Prince Andrew has been served with a lawsuit by a woman in the United States who says he sexually assaulted her, the Royal acknowledged through his lawyer. This has cleared a hurdle that had stalled legal proceedings in the case for several weeks.

The acknowledgment was entered into court records on Tuesday after it was confirmed in a joint agreement signed by a lawyer for the British prince and approved by a Manhattan federal judge.

According to the court papers, Andrew had been challenging the acceptance of the lawsuit until lawyers spoke by phone on September 21. An agreement was signed three days later, according to the order signed by Judge Lewis A Kaplan.

Virginia Giuffre has claimed in the lawsuit that Andrew abused her on multiple occasions in 2001 when she was still a minor. The lawyer of the Prince has called the allegations “baseless,” the Associated Press reported.

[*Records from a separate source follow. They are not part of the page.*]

(* With $P$, $\widehat P$, $R_m$, $\Gamma$, $\alpha_\sigma$, $\widehat\alpha_\sigma$ and $\Psi(P,\widehat P)$ as in the context, for every conditional plan $\sigma\in\Gamma$ and every $s\in S$, $$|\alpha_\sigma(s)-\widehat\alpha_\sigma(s)|\le \frac{2\gamma R_m}{(1-\gamma)^2}\,\Psi(P,\widehat P).$$
   Context: $P=\langle S,A,O,T,Z,R,b_0,\gamma\rangle$ is a POMDP with bounded $S\subset\mathbb R^n$, $A\subset\mathbb R^d$, $O\subset\mathbb R^l$, conditional densities $T(s,a,s')=p(s'\mid s,a)$, $Z(s',a,o)=p(o\mid s',a)$, bounded reward $R$, discount $\gamma\in(0,1)$; $\widehat P=\langle S,A,O,\widehat T,\widehat Z,R,b_0,\gamma\rangle$ differs only in transition and observation densities. $R_m=\max\{|\min_{s,a}R(s,a)|,\max_{s,a}R(s,a)\}$. $D_{TV}(\mu,\nu)=\sup_E|\mu(E)-\nu(E)|$. SNM: $\Psi(P,\widehat P)=\sup_{s,a}D_{TV}(T(s,a,\cdot),\widehat T(s,a,\cdot))+\sup_{s,a}D_{TV}(Z(s,a,\cdot),\widehat Z(s,a,\cdot))$. A conditional plan $\sigma=\langle a,\nu\rangle\in\Gamma$ consists of an action $a\in A$ and an observation strategy $\nu:O\to\Gamma$. Its $\alpha$-function is $\alpha_\sigma(s)=R(s,a)+\gamma\int_S\int_O T(s,a,s')Z(s',a,o)\alpha_{\nu(o)}(s')\,do\,ds'$, and $\widehat\alpha_\sigma$ is defined identically with $\widehat T,\widehat Z$. *)

theory Defs
  imports "HOL-Analysis.Analysis"
begin

definition dtv :: "'x::euclidean_space set \<Rightarrow> ('x \<Rightarrow> real) \<Rightarrow> ('x \<Rightarrow> real) \<Rightarrow> real" where
  "dtv X f g = (SUP E \<in> {E. E \<in> sets lborel \<and> E \<subseteq> X}.
      \<bar>(LINT x:E|lborel. f x) - (LINT x:E|lborel. g x)\<bar>)"

definition Rmax :: "'s set \<Rightarrow> 'a set \<Rightarrow> ('s \<Rightarrow> 'a \<Rightarrow> real) \<Rightarrow> real" where
  "Rmax S A R = max \<bar>INF p \<in> S \<times> A. R (fst p) (snd p)\<bar> (SUP p \<in> S \<times> A. R (fst p) (snd p))"

definition SNM :: "'s::euclidean_space set \<Rightarrow> 'a set \<Rightarrow> 'o::euclidean_space set
   \<Rightarrow> ('s \<Rightarrow> 'a \<Rightarrow> 's \<Rightarrow> real) \<Rightarrow> ('s \<Rightarrow> 'a \<Rightarrow> 'o \<Rightarrow> real)
   \<Rightarrow> ('s \<Rightarrow> 'a \<Rightarrow> 's \<Rightarrow> real) \<Rightarrow> ('s \<Rightarrow> 'a \<Rightarrow> 'o \<Rightarrow> real) \<Rightarrow> real" where
  "SNM S A Ob T Z T' Z' =
     (SUP p \<in> S \<times> A. dtv S (T (fst p) (snd p)) (T' (fst p) (snd p)))
   + (SUP p \<in> S \<times> A. dtv Ob (Z (fst p) (snd p)) (Z' (fst p) (snd p)))"

definition cond_densities :: "'s::euclidean_space set \<Rightarrow> 'a set \<Rightarrow> 'o::euclidean_space set
   \<Rightarrow> ('s \<Rightarrow> 'a \<Rightarrow> 's \<Rightarrow> real) \<Rightarrow> ('s \<Rightarrow> 'a \<Rightarrow> 'o \<Rightarrow> real) \<Rightarrow> bool" where
  "cond_densities S A Ob T Z \<longleftrightarrow>
     (\<forall>s\<in>S. \<forall>a\<in>A. T s a \<in> borel_measurable lborel \<and> (\<forall>s'. T s a s' \<ge> 0)
        \<and> set_integrable lborel S (T s a) \<and> (LINT s':S|lborel. T s a s') = 1) \<and>
     (\<forall>a\<in>A. (\<lambda>(s', y). Z s' a y) \<in> borel_measurable (lborel \<Otimes>\<^sub>M lborel)) \<and>
     (\<forall>s'\<in>S. \<forall>a\<in>A. (\<forall>y. Z s' a y \<ge> 0)
        \<and> set_integrable lborel Ob (Z s' a) \<and> (LINT y:Ob|lborel. Z s' a y) = 1)"

text \<open>alpha is the (bounded, measurable) alpha-function family of the conditional plans,
  where a plan sigma has action act sigma and observation strategy nxt sigma.\<close>
definition is_alpha :: "'s::euclidean_space set \<Rightarrow> 'o::euclidean_space set
   \<Rightarrow> ('s \<Rightarrow> 'a \<Rightarrow> 's \<Rightarrow> real) \<Rightarrow> ('s \<Rightarrow> 'a \<Rightarrow> 'o \<Rightarrow> real) \<Rightarrow> ('s \<Rightarrow> 'a \<Rightarrow> real) \<Rightarrow> real
   \<Rightarrow> ('p \<Rightarrow> 'a) \<Rightarrow> ('p \<Rightarrow> 'o \<Rightarrow> 'p) \<Rightarrow> ('p \<Rightarrow> 's \<Rightarrow> real) \<Rightarrow> bool" where
  "is_alpha S Ob T Z R \<gamma> act nxt \<alpha> \<longleftrightarrow>
     (\<exists>B. \<forall>\<sigma>. \<forall>s\<in>S. \<bar>\<alpha> \<sigma> s\<bar> \<le> B) \<and>
     (\<forall>\<sigma>. (\<lambda>(s', y). indicator (S \<times> Ob) (s', y) * \<alpha> (nxt \<sigma> y) s')
             \<in> borel_measurable (lborel \<Otimes>\<^sub>M lborel)) \<and>
     (\<forall>\<sigma>. \<forall>s\<in>S. \<alpha> \<sigma> s = R s (act \<sigma>) + \<gamma> *
        (LINT s':S|lborel. (LINT y:Ob|lborel. T s (act \<sigma>) s' * Z s' (act \<sigma>) y * \<alpha> (nxt \<sigma> y) s')))"

end

theory Submission
  imports Defs
begin

text \<open>Subtracting the two recursions, \<open>\<alpha>\<^sub>\<sigma>(s) - \<alpha>'\<^sub>\<sigma>(s)\<close> is \<open>\<gamma>\<close> times the difference of
  \<open>\<integral> T g\<close> and \<open>\<integral> T' g'\<close>, where \<open>g\<close> and \<open>g'\<close> average the successor \<open>\<alpha>\<close>-functions over
  the observation densities \<open>Z\<close> and \<open>Z'\<close>. Swapping \<open>T\<close> for \<open>T'\<close>, then \<open>Z\<close> for \<open>Z'\<close>, then
  \<open>\<alpha>\<close> for \<open>\<alpha>'\<close> splits this into three errors. For densities \<open>p\<close>, \<open>q\<close> and \<open>|f| \<le> K\<close>
  one has \<open>|\<integral> (p - q) f| \<le> 2 K D\<^sub>T\<^sub>V(p, q)\<close> (integrate separately over \<open>{p \<ge> q}\<close> and its
  complement), and every \<open>\<alpha>\<close>-function is bounded by \<open>K = R\<^sub>m / (1 - \<gamma>)\<close> because its
  supremum \<open>M\<close> satisfies \<open>M \<le> R\<^sub>m + \<gamma> M\<close>. So the first two errors are at most \<open>2 K \<Psi>\<close>
  together and the third is at most the supremum \<open>D\<close> of all differences; hence
  \<open>D \<le> \<gamma> (2 K \<Psi> + D)\<close>, i.e. \<open>D \<le> 2 \<gamma> R\<^sub>m \<Psi> / (1 - \<gamma>)\<^sup>2\<close>.\<close>

definition density_on :: "'x::euclidean_space set \<Rightarrow> ('x \<Rightarrow> real) \<Rightarrow> bool" where
  "density_on X p \<longleftrightarrow> p \<in> borel_measurable lborel \<and> (\<forall>x. 0 \<le> p x) \<and>
     set_integrable lborel X p \<and> (LINT x:X|lborel. p x) = 1"

lemma set_borel_measurable_diff:
  fixes f g :: "'x \<Rightarrow> real"
  assumes "set_borel_measurable M X f" "set_borel_measurable M X g"
  shows "set_borel_measurable M X (\<lambda>x. f x - g x)"
  using borel_measurable_diff[OF assms[unfolded set_borel_measurable_def]]
  unfolding set_borel_measurable_def by (simp add: right_diff_distrib)

lemma
  fixes p f :: "'x::euclidean_space \<Rightarrow> real"
  assumes p: "p \<in> borel_measurable lborel" and p_nonneg: "\<And>x. x \<in> X \<Longrightarrow> 0 \<le> p x"
    and p_int: "set_integrable lborel X p" and f: "set_borel_measurable lborel X f"
    and f_le: "\<And>x. x \<in> X \<Longrightarrow> \<bar>f x\<bar> \<le> K"
  shows set_integrable_mult_bounded: "set_integrable lborel X (\<lambda>x. p x * f x)"
    and abs_set_integral_mult_bounded_le:
      "\<bar>LINT x:X|lborel. p x * f x\<bar> \<le> K * (LINT x:X|lborel. p x)"
proof -
  have pf_le: "\<bar>p x * f x\<bar> \<le> K * p x" if "x \<in> X" for x
    using mult_left_mono[OF f_le p_nonneg, OF that that] p_nonneg[OF that]
    by (simp add: abs_mult mult.commute)
  have pf: "set_borel_measurable lborel X (\<lambda>x. p x * f x)"
    using borel_measurable_times[OF p f[unfolded set_borel_measurable_def]]
    unfolding set_borel_measurable_def by (simp add: mult.left_commute)
  show int: "set_integrable lborel X (\<lambda>x. p x * f x)"
    using set_integrable_mult_right[OF p_int, of K] pf
    by (rule set_integrable_bound) (use pf_le in \<open>auto intro!: AE_I2 order_trans[OF _ abs_ge_self]\<close>)
  have "\<bar>LINT x:X|lborel. p x * f x\<bar> \<le> (LINT x:X|lborel. \<bar>p x * f x\<bar>)"
    using set_integral_norm_bound[OF int] by simp
  also have "\<dots> \<le> (LINT x:X|lborel. K * p x)"
    using set_integrable_abs[OF int] set_integrable_mult_right[OF p_int, of K] pf_le
    by (rule set_integral_mono)
  also have "\<dots> = K * (LINT x:X|lborel. p x)"
    by simp
  finally show "\<bar>LINT x:X|lborel. p x * f x\<bar> \<le> K * (LINT x:X|lborel. p x)" .
qed

lemma
  assumes "density_on X p" "set_borel_measurable lborel X f" "\<And>x. x \<in> X \<Longrightarrow> \<bar>f x\<bar> \<le> K"
  shows density_on_set_integrable_mult: "set_integrable lborel X (\<lambda>x. p x * f x)"
    and density_on_abs_set_integral_le: "\<bar>LINT x:X|lborel. p x * f x\<bar> \<le> K"
  using set_integrable_mult_bounded[of p X f K] abs_set_integral_mult_bounded_le[of p X f K] assms
  unfolding density_on_def by auto

lemma density_on_set_integral_diff_le:
  assumes p: "density_on X p"
    and f: "set_borel_measurable lborel X f" "\<And>x. x \<in> X \<Longrightarrow> \<bar>f x\<bar> \<le> K"
    and g: "set_borel_measurable lborel X g" "\<And>x. x \<in> X \<Longrightarrow> \<bar>g x\<bar> \<le> L"
    and fg: "\<And>x. x \<in> X \<Longrightarrow> \<bar>f x - g x\<bar> \<le> e"
  shows "\<bar>(LINT x:X|lborel. p x * f x) - (LINT x:X|lborel. p x * g x)\<bar> \<le> e"
proof -
  have "(LINT x:X|lborel. p x * f x) - (LINT x:X|lborel. p x * g x) = (LINT x:X|lborel. p x * (f x - g x))"
    using set_integral_diff(2)[OF density_on_set_integrable_mult[OF p f] density_on_set_integrable_mult[OF p g]]
    by (simp add: right_diff_distrib)
  also have "\<bar>\<dots>\<bar> \<le> e"
    using p set_borel_measurable_diff[OF f(1) g(1)] fg by (rule density_on_abs_set_integral_le)
  finally show ?thesis .
qed

lemma abs_set_integral_le_subset:
  fixes r :: "'x \<Rightarrow> real"
  assumes r: "set_integrable M X r" and E: "E \<in> sets M" "E \<subseteq> X"
  shows "\<bar>LINT x:E|M. r x\<bar> \<le> (LINT x:X|M. \<bar>r x\<bar>)"
proof -
  have "\<bar>LINT x:E|M. r x\<bar> \<le> (LINT x:E|M. \<bar>r x\<bar>)"
    using set_integral_norm_bound[OF set_integrable_subset[OF r E]] by simp
  also have "\<dots> \<le> (LINT x:X|M. \<bar>r x\<bar>)"
    using set_integrable_abs[OF set_integrable_subset[OF r E]] set_integrable_abs[OF r] E(2)
    unfolding set_integrable_def set_lebesgue_integral_def
    by (intro integral_mono) (auto split: split_indicator)
  finally show ?thesis .
qed

lemma
  fixes p q :: "'x::euclidean_space \<Rightarrow> real"
  assumes p: "set_integrable lborel X p" and q: "set_integrable lborel X q"
  shows abs_set_integral_diff_le_dtv: "\<And>E. E \<in> sets lborel \<Longrightarrow> E \<subseteq> X \<Longrightarrow>
      \<bar>(LINT x:E|lborel. p x) - (LINT x:E|lborel. q x)\<bar> \<le> dtv X p q"
    and dtv_le_integral_abs: "dtv X p q \<le> (LINT x:X|lborel. \<bar>p x\<bar>) + (LINT x:X|lborel. \<bar>q x\<bar>)"
proof -
  have le: "\<bar>(LINT x:E|lborel. p x) - (LINT x:E|lborel. q x)\<bar>
      \<le> (LINT x:X|lborel. \<bar>p x\<bar>) + (LINT x:X|lborel. \<bar>q x\<bar>)"
    if "E \<in> sets lborel" "E \<subseteq> X" for E
    using abs_set_integral_le_subset[OF p that] abs_set_integral_le_subset[OF q that] by linarith
  then have bdd: "bdd_above ((\<lambda>E. \<bar>(LINT x:E|lborel. p x) - (LINT x:E|lborel. q x)\<bar>)
      ` {E. E \<in> sets lborel \<and> E \<subseteq> X})"
    unfolding bdd_above_def by blast
  then show "\<And>E. E \<in> sets lborel \<Longrightarrow> E \<subseteq> X \<Longrightarrow>
      \<bar>(LINT x:E|lborel. p x) - (LINT x:E|lborel. q x)\<bar> \<le> dtv X p q"
    unfolding dtv_def by (auto intro: cSUP_upper2)
  show "dtv X p q \<le> (LINT x:X|lborel. \<bar>p x\<bar>) + (LINT x:X|lborel. \<bar>q x\<bar>)"
    unfolding dtv_def by (rule cSUP_least) (auto intro: le)
qed

lemma abs_set_integral_mult_diff_le_dtv:
  fixes p q f :: "'x::euclidean_space \<Rightarrow> real"
  assumes X: "X \<in> sets lborel"
    and p: "p \<in> borel_measurable lborel" "set_integrable lborel X p"
    and q: "q \<in> borel_measurable lborel" "set_integrable lborel X q"
    and f: "set_borel_measurable lborel X f" "\<And>x. x \<in> X \<Longrightarrow> \<bar>f x\<bar> \<le> K" and K: "0 \<le> K"
  shows "\<bar>LINT x:X|lborel. (p x - q x) * f x\<bar> \<le> 2 * K * dtv X p q"
proof -
  txt \<open>On a set where the sign \<open>c = \<plusminus>1\<close> makes \<open>c (p - q)\<close> nonnegative, use it as a weight
    against \<open>c f\<close>.\<close>
  have part: "set_integrable lborel E (\<lambda>x. (p x - q x) * f x) \<and>
      \<bar>LINT x:E|lborel. (p x - q x) * f x\<bar> \<le> K * dtv X p q"
    if E: "E \<in> sets lborel" "E \<subseteq> X"
      and c: "\<bar>c\<bar> = 1" "\<And>x. x \<in> E \<Longrightarrow> 0 \<le> c * (p x - q x)"
    for E and c :: real
  proof -
    have cc: "c * c = 1"
      using c(1) by (metis abs_mult_self_eq mult_1)
    have eq: "(\<lambda>x. c * (p x - q x) * (c * f x)) = (\<lambda>x. (p x - q x) * f x)"
    proof
      fix x
      have "c * (p x - q x) * (c * f x) = (c * c) * ((p x - q x) * f x)"
        by (simp only: mult_ac)
      then show "c * (p x - q x) * (c * f x) = (p x - q x) * f x"
        by (simp only: cc mult_1)
    qed
    have w: "(\<lambda>x. c * (p x - q x)) \<in> borel_measurable lborel"
      using p(1) q(1) by simp
    have w_int: "set_integrable lborel E (\<lambda>x. c * (p x - q x))"
      using set_integrable_subset[OF set_integral_diff(1)[OF p(2) q(2)] E] by simp
    have cf: "set_borel_measurable lborel E (\<lambda>x. c * f x)"
      using borel_measurable_times[OF borel_measurable_const
          set_borel_measurable_subset[OF f(1) E, unfolded set_borel_measurable_def], of c]
      unfolding set_borel_measurable_def by (simp add: mult.left_commute)
    have cf_le: "\<And>x. x \<in> E \<Longrightarrow> \<bar>c * f x\<bar> \<le> K"
      using c(1) f(2) E(2) by (auto simp: abs_mult)
    have "(LINT x:E|lborel. c * (p x - q x)) = c * ((LINT x:E|lborel. p x) - (LINT x:E|lborel. q x))"
      using set_integrable_subset[OF p(2) E] set_integrable_subset[OF q(2) E] by simp
    also have "\<dots> \<le> dtv X p q"
      by (rule order_trans[OF abs_ge_self])
        (simp add: abs_mult c(1) abs_set_integral_diff_le_dtv[OF p(2) q(2) E])
    finally have "K * (LINT x:E|lborel. c * (p x - q x)) \<le> K * dtv X p q"
      using K by (rule mult_left_mono)
    then show ?thesis
      using set_integrable_mult_bounded[OF w c(2) w_int cf cf_le]
        abs_set_integral_mult_bounded_le[OF w c(2) w_int cf cf_le]
      unfolding eq by linarith
  qed
  define E where "E = X \<inter> {x \<in> space lborel. q x \<le> p x}"
  have E_sets: "E \<in> sets lborel" and F_sets: "X - E \<in> sets lborel"
    unfolding E_def using X p(1) q(1) by measurable
  have X_split: "X = E \<union> (X - E)" "E \<inter> (X - E) = {}" "E \<subseteq> X" "X - E \<subseteq> X"
    unfolding E_def by auto
  have E_pos: "\<And>x. x \<in> E \<Longrightarrow> 0 \<le> 1 * (p x - q x)"
    and F_pos: "\<And>x. x \<in> X - E \<Longrightarrow> 0 \<le> -1 * (p x - q x)"
    unfolding E_def by auto
  note E_part = part[OF E_sets X_split(3) _ E_pos] and F_part = part[OF F_sets X_split(4) _ F_pos]
  have "(LINT x:X|lborel. (p x - q x) * f x)
      = (LINT x:E|lborel. (p x - q x) * f x) + (LINT x:X - E|lborel. (p x - q x) * f x)"
    by (subst X_split(1), rule set_integral_Un[OF X_split(2)]) (use E_part F_part in simp_all)
  then have "\<bar>LINT x:X|lborel. (p x - q x) * f x\<bar>
      \<le> \<bar>LINT x:E|lborel. (p x - q x) * f x\<bar> + \<bar>LINT x:X - E|lborel. (p x - q x) * f x\<bar>"
    by (simp only: abs_triangle_ineq)
  then show ?thesis
    using conjunct2[OF E_part] conjunct2[OF F_part] by linarith
qed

Delivering a lawsuit to a defendant is usually a routine matter but can be more complicated when a defendant resides outside the United States.

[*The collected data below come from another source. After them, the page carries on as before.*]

lemma integrable_lborel_prod_Basis:
  fixes f :: "'a::euclidean_space \<Rightarrow> real \<Rightarrow> real"
  assumes integrable: "\<And>b. b \<in> Basis \<Longrightarrow> integrable lborel (f b)"
    and nonneg: "\<And>b t. b \<in> Basis \<Longrightarrow> 0 \<le> f b t"
  shows "integrable lborel (\<lambda>x::'a. \<Prod>b\<in>Basis. f b (x \<bullet> b))"
  unfolding integrable_iff_bounded
proof
  have [measurable]: "f b \<in> borel_measurable borel" if "b \<in> Basis" for b
    using integrable[OF that] by simp
  show "(\<lambda>x::'a. \<Prod>b\<in>Basis. f b (x \<bullet> b)) \<in> borel_measurable lborel"
    by measurable
  have "(\<integral>\<^sup>+x. ennreal (norm (\<Prod>b\<in>Basis. f b (x \<bullet> b))) \<partial>lborel)
      = (\<integral>\<^sup>+x. (\<Prod>b\<in>Basis. ennreal (f b (x \<bullet> b))) \<partial>lborel)"
    using nonneg by (intro nn_integral_cong) (simp add: prod_nonneg prod_ennreal)
  also have "\<dots> = (\<Prod>b\<in>Basis. \<integral>\<^sup>+t. ennreal (f b t) \<partial>lborel)"
    using nonneg by (intro nn_integral_lborel_prod) simp_all
  also have "\<dots> < \<infinity>"
  proof -
    have "(\<integral>\<^sup>+t. ennreal (f b t) \<partial>lborel) \<noteq> top" if "b \<in> Basis" for b
      using integrable[OF that] nonneg[OF that] unfolding integrable_iff_bounded by (simp add: less_top)
    then have "(\<Prod>b\<in>Basis. \<integral>\<^sup>+t. ennreal (f b t) \<partial>lborel) \<noteq> top"
      by (simp only: ennreal_prod_eq_top) auto
    then show ?thesis by (simp add: less_top)
  qed
  finally show "(\<integral>\<^sup>+x. ennreal (norm (\<Prod>b\<in>Basis. f b (x \<bullet> b))) \<partial>lborel) < \<infinity>" .
qed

A judge must be satisfied that a defendant has been properly notified of the allegations and has a reasonable period of time to respond to them. The prince must file responses to the lawsuit’s claims by October 29. A conference was scheduled for November 3.

Lawyers for Giuffre had told the judge that they’d delivered the lawsuit to Andrew in numerous ways, though never directly into his hands. At one point, Britain‘s high court accepted a request from Giuffre’s lawyers to formally contact Andrew about the lawsuit.

Los Angeles attorney Andrew Brettler, who signed the papers on Andrew’s behalf acknowledging the prince was aware of the lawsuit, had argued at a hearing this month that Giuffre’s claim was “baseless, nonviable and potentially unlawful.”

In late 2019, Andrew told the BBC “Newsnight” program that he never had sex with Giuffre, saying, “It didn’t happen.”

Brettler has said that Andrew cannot be sued because an earlier lawsuit in the United States that was settled “absolves our client from any and all liability.” That 2009 settlement document, however, remains sealed.